To understand how the substrate binding pocket of LiAcs1 allows for dual substrate functionality, we tested a series of acyl-AMP intermediate mimicking AMP-esters of varying sizes. We observed a more promiscuous substrate binding pocket than either acetate- or acetoacetate-specific enzymes CnAcs1 or CnKbc1. While CnAcs1 primarily accommodates small AMP-esters and CnKbc1 only accommodates the large butyl-AMP ester, LiAcs1 is able to accommodate both small and large AMP-esters. Looking at either the primary sequence homology and or the structural homology of LiAcs1 to previously characterized ACSs and KBCs, we could not identify an obvious molecular basis that allows for expanded AMP-ester binding or dual ACS/KBC functionality.
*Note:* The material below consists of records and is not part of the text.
definition J_iot :: "real \<Rightarrow> real \<Rightarrow> real \<Rightarrow> real \<Rightarrow> ('n::finite \<Rightarrow> 'v::real_inner)
    \<Rightarrow> ('n \<Rightarrow> 'v) \<Rightarrow> ('n \<Rightarrow> 'v) \<Rightarrow> ('n \<Rightarrow> 'v) \<Rightarrow> real" where
  "J_iot tau lam mu c u x y z =
     KL Gamma_g (Gamma_ent tau c (gram x y))
   + KL (Gamma_hat lam c u) (Gamma_ent tau c (gram z z))
   + mu * L_reg z"

end

theory Submission
  imports Defs
begin

(* With row marginals a > 0 the entropic objective satisfies, on U(a),
     <C, G> - tau H(G) = <C, P> - tau H(P) + tau KL(G || P),
   where P_ij = a_i softmax_j(s_i. / tau) is the Gibbs plan. Since KL is nonnegative and vanishes
   only when its arguments agree, P is the unique entropic plan. Substituting it, the divergences
   KL(Gamma_g || Gamma_theta) and KL(Gamma_hat || Gamma_psi) become the two cross-entropy losses up
   to constants, so J separates into a theta-part and a psi-part, and its minimizers are exactly the
   pairs of minimizers of the parts. The soft-label plan exists by compactness of U(1,1) and is
   unique because the quadratic objective is strictly convex. *)

lemma argmin_eqI:
  assumes "is_argmin f S x" and "\<And>y. is_argmin f S y \<Longrightarrow> y = x"
  shows "argmin f S = x"
  unfolding argmin_def using assms by (rule the_equality)

lemma is_argmin_exists:
  fixes f :: "'a::topological_space \<Rightarrow> real"
  assumes "compact S" and "S \<noteq> {}" and "continuous_on S f"
  shows "\<exists>x. is_argmin f S x"
  using continuous_attains_inf[OF assms] unfolding is_argmin_def by blast

lemma double_sum_nonneg_le_0_imp_0:
  fixes f :: "'a::finite \<Rightarrow> 'b::finite \<Rightarrow> real"
  assumes nonneg: "\<And>i j. 0 \<le> f i j" and le: "(\<Sum>i\<in>UNIV. \<Sum>j\<in>UNIV. f i j) \<le> 0"
  shows "f i j = 0"
proof -
  have row_nonneg: "\<And>i. 0 \<le> (\<Sum>j\<in>UNIV. f i j)"
    by (intro sum_nonneg nonneg)
  then have "(\<Sum>i\<in>UNIV. \<Sum>j\<in>UNIV. f i j) = 0"
    using le by (meson antisym sum_nonneg)
  then have "(\<Sum>j\<in>UNIV. f i j) = 0"
    using row_nonneg by (simp add: sum_nonneg_eq_0_iff)
  then show ?thesis
    using nonneg by (simp add: sum_nonneg_eq_0_iff)
qed
text \<open>Lifting the functional \<open>\<phi>\<close>, viewed as a morphism onto the simple representation, through
  \<open>P\<^sub>1(d)\<close> gives a morphism \<open>f\<close> with \<open>f\<^sub>2(N(\<gamma>\<^sub>i) x) = \<phi>(x) \<gamma>\<^sub>i\<close>; applied to \<open>\<psi>\<^sub>N(t) = 0\<close>
  this gives \<open>\<Sum>\<^sub>l \<phi>(t\<^sub>l) \<gamma>\<^sub>l = 0\<close>.\<close>

lemma projective_functional_psi_kernel:
  assumes N: "is_rep d N" "projective_rep d N"
    and \<phi>: "lin_on (sp1 N) (UNIV :: (unit \<Rightarrow> 'k::field) set) \<phi>"
    and t: "t \<in> tensor_sp d (sp1 N)" "psi d N t = 0" and j: "j < d"
  shows "\<phi> (slice t j) () = 0"
proof -
  note N' = is_repD[OF N(1)]
  define h1 where "h1 x = fscale (\<phi> x ()) (gam 0 :: nat \<Rightarrow> 'k)" for x
  have h: "is_hom d N simple_test h1 (\<lambda>_. 0)"
    using \<phi> unfolding is_hom_def simple_test_def lin_on_def h1_def
    by (auto simp: FS.scale_left_distrib FS.subspace_scale[OF subspace_arrsp] gam_in_arrsp)
  have g: "is_hom d (P1_test d) simple_test id (\<lambda>_. 0)"
    unfolding is_hom_def simple_test_def P1_test_def lin_on_def by auto
  have surj: "id ` sp1 (P1_test d) = sp1 (simple_test :: (nat, nat, 'k) krep)"
    "(\<lambda>_. 0) ` sp2 (P1_test d :: (nat, nat, 'k) krep) = sp2 (simple_test :: (nat, nat, 'k) krep)"
    using FS.subspace_0[OF subspace_arrsp] by (auto simp: P1_test_def simple_test_def)
  have "\<exists>f1 f2. is_hom d N (P1_test d) f1 f2 \<and> (\<forall>x\<in>sp1 N. id (f1 x) = h1 x) \<and>
      (\<forall>y\<in>sp2 N. (\<lambda>_. 0) (f2 y) = (\<lambda>_. 0 :: nat \<Rightarrow> 'k) y)"
    using N(2)[unfolded projective_rep_def, rule_format, of "P1_test d" simple_test id "\<lambda>_. 0" h1 "\<lambda>_. 0"]
      is_rep_P1_test is_rep_simple_test g h surj by blast
  then obtain f1 f2 where f: "is_hom d N (P1_test d) f1 f2" "\<forall>x\<in>sp1 N. id (f1 x) = h1 x"
    by blast
  have f2: "lin_on (sp2 N) (arrsp d) f2" using f(1) unfolding is_hom_def P1_test_def by simp
  have "f2 (arr N i x) = fscale (\<phi> x ()) (gam i)" if "i < d" "x \<in> sp1 N" for i x
    using f that unfolding is_hom_def P1_test_def h1_def by (simp add: gam_def)
  moreover have tl: "slice t l \<in> sp1 N" if "l < d" for l using t(1) that unfolding mem_tensor_sp_iff by blast
  moreover have "f2 (psi d N t) = (\<Sum>l<d. f2 (arr N l (slice t l)))"
    unfolding psi_def using tl by (intro lin_on_sum[OF f2 N'(2)]) (auto intro: lin_on_mem[OF N'(3)])
  ultimately have "(\<Sum>l<d. fscale (\<phi> (slice t l) ()) (gam l)) = 0"
    using t(2) lin_on_zero[OF f2 N'(2)] by simp
  then have "(\<Sum>l<d. fscale (\<phi> (slice t l) ()) (gam l)) j = 0" by simp
  then have "(\<Sum>l<d. \<phi> (slice t l) () * gam l j) = 0" by (simp add: sum_fun_apply)
  then show ?thesis using j by (simp add: sum_mult_gam)
qed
We attempted to perform a specificity-determining-sites detection strategy utilizing category informed multiple sequence alignment tools: however, we quickly realized that while the annotated pool of ACS and KBC enzymes is quite large the biochemical confirmation of their substrate specificity is sparse. Additionally, given that LiAcs1 operates in a newly described third category with ACS/KBC dual functionality it is currently unclear what fraction of annotated ACSs also contain KBC functionality.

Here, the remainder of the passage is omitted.